In terms of features, Blackstar has really been generous. Unlike the Vox with its single channel, this small tube amp has 2 channels - CLEAN and OVERDRIVE, which you can easily switch between using the included one-button footswitch. Each channel has its own set of controls. With CLEAN you get VOLUME and TONE - nothing surprising here, VOLUME sets the overall level and TONE sets how dark or bright you want your cleans. With the OVERDRIVE channel you get GAIN and VOLUME adjustments. This fine-grained control is a big part of the reason why you can make this amp sound great at low, bedroom volume levels. There’s an EQUALISATION section with a 3-band EQ (BASS, MIDDLE, TREBLE), and a very interesting ISF (Infinite Shape Filter) knob. ISF basically lets you shape the midrange - turn it to the left for a more American flavor (think Fender, MESA/Boogie), and turn it right for British (Marshall, Vox).
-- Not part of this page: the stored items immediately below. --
lemma monic_OPs_orthogonal:
  assumes "is_monic_OP M k p" "is_monic_OP M j q" "k \<noteq> j"
  shows "poly_inner M p q = 0"
proof (cases "j < k")
  case True
  then show ?thesis using assms(1,2) by (simp add: is_monic_OP_def)
next
  case False
  then have "poly_inner M q p = 0" using assms by (simp add: is_monic_OP_def)
  then show ?thesis by (simp add: poly_inner_commute)
qed

text \<open>Gram-Schmidt step: given monic OPs P_0, ..., P_n of a positive definite inner product,
  P_{n+1} = x^{n+1} - sum_{k<=n} <x^{n+1}, P_k>/<P_k, P_k> P_k is the next one.\<close>
lemma gram_schmidt_step:
  assumes pos: "\<And>p. p \<noteq> 0 \<Longrightarrow> poly_inner M p p > 0"
    and P: "\<And>k. k \<le> n \<Longrightarrow> is_monic_OP M k (P k)"
  defines "c k \<equiv> poly_inner M (monom 1 (Suc n)) (P k) / poly_inner M (P k) (P k)"
  shows "is_monic_OP M (Suc n) (monom 1 (Suc n) - (\<Sum>k\<le>n. smult (c k) (P k)))"
proof -
  define s where "s = (\<Sum>k\<le>n. smult (c k) (P k))"
  define Pn where "Pn = monom 1 (Suc n) - s"
  have "degree s \<le> n"
    unfolding s_def
  proof (rule degree_sum_le)
    fix k assume "k \<in> {..n}"
    then show "degree (smult (c k) (P k)) \<le> n"
      using degree_smult_le[of "c k" "P k"] P[of k] by (simp add: is_monic_OP_def)
  qed simp
  then have deg_Pn: "degree Pn = Suc n"
    unfolding Pn_def using degree_add_eq_left[of "- s" "monom 1 (Suc n)"]
    by (simp add: degree_monom_eq)
  have "coeff s (Suc n) = 0"
    using \<open>degree s \<le> n\<close> by (intro coeff_eq_0) simp
  then have lead_Pn: "lead_coeff Pn = 1"
    using deg_Pn by (simp add: Pn_def)
  have Pn_orth: "poly_inner M Pn (P j) = 0" if j: "j \<le> n" for j
  proof -
    have "P j \<noteq> 0" using P[OF j] by (auto simp: is_monic_OP_def)
    have "poly_inner M s (P j) = (\<Sum>k\<le>n. c k * poly_inner M (P k) (P j))"
      unfolding s_def by (rule poly_inner_sum_left)
    also have "\<dots> = c j * poly_inner M (P j) (P j)"
    proof -
      have "poly_inner M (P k) (P j) = 0" if "k \<le> n" "k \<noteq> j" for k
        using monic_OPs_orthogonal[OF P[OF that(1)] P[OF j] that(2)] .
      then show ?thesis using j by (subst sum.remove[of _ j]) auto
    qed
    also have "\<dots> = poly_inner M (monom 1 (Suc n)) (P j)"
      using pos[OF \<open>P j \<noteq> 0\<close>] by (simp add: c_def)
    finally show ?thesis unfolding Pn_def by (simp add: poly_inner_diff_left)
  qed
  have "poly_inner M Pn q = 0" if "degree q < Suc n" for q
  proof (rule orthogonal_to_degree_le[where n = n and P = P])
    show "degree (P k) = k \<and> lead_coeff (P k) = 1" if "k \<le> n" for k
      using P[OF that] unfolding is_monic_OP_def by blast
  qed (use Pn_orth that in auto)
  then show ?thesis
    using deg_Pn lead_Pn by (simp add: is_monic_OP_def Pn_def s_def)
qed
The ISF setting works well for fine tuning your sound, and makes a noticeable difference in your tone. It’s not a make or break feature by any means, but it’s nice to have. Last but certainly not least is the REVERB knob. It’s not the best reverb in the world and doesn’t have the presence of Fender spring reverb, but it’s a great inclusion and allows you to save the money you would need to spend on a reverb pedal.
Turning our attention to the back panel, there are some very useful things Blackstar included to make life easier:
- The MP3/LINE input lets you plug in any device that plays music so you can practice and jam along.
- The EFFECTS LOOP is great especially if you have a looper pedal, which if put in the loop will let you record a clean rhythm riff, then switch to the distortion channel to jam on top of the clean loop.
- HEADPHONES output for silent practice, which emulates a 1x12 or 4x12 cab.
- SPEAKER outputs to hook this amp up to larger speaker cabinets.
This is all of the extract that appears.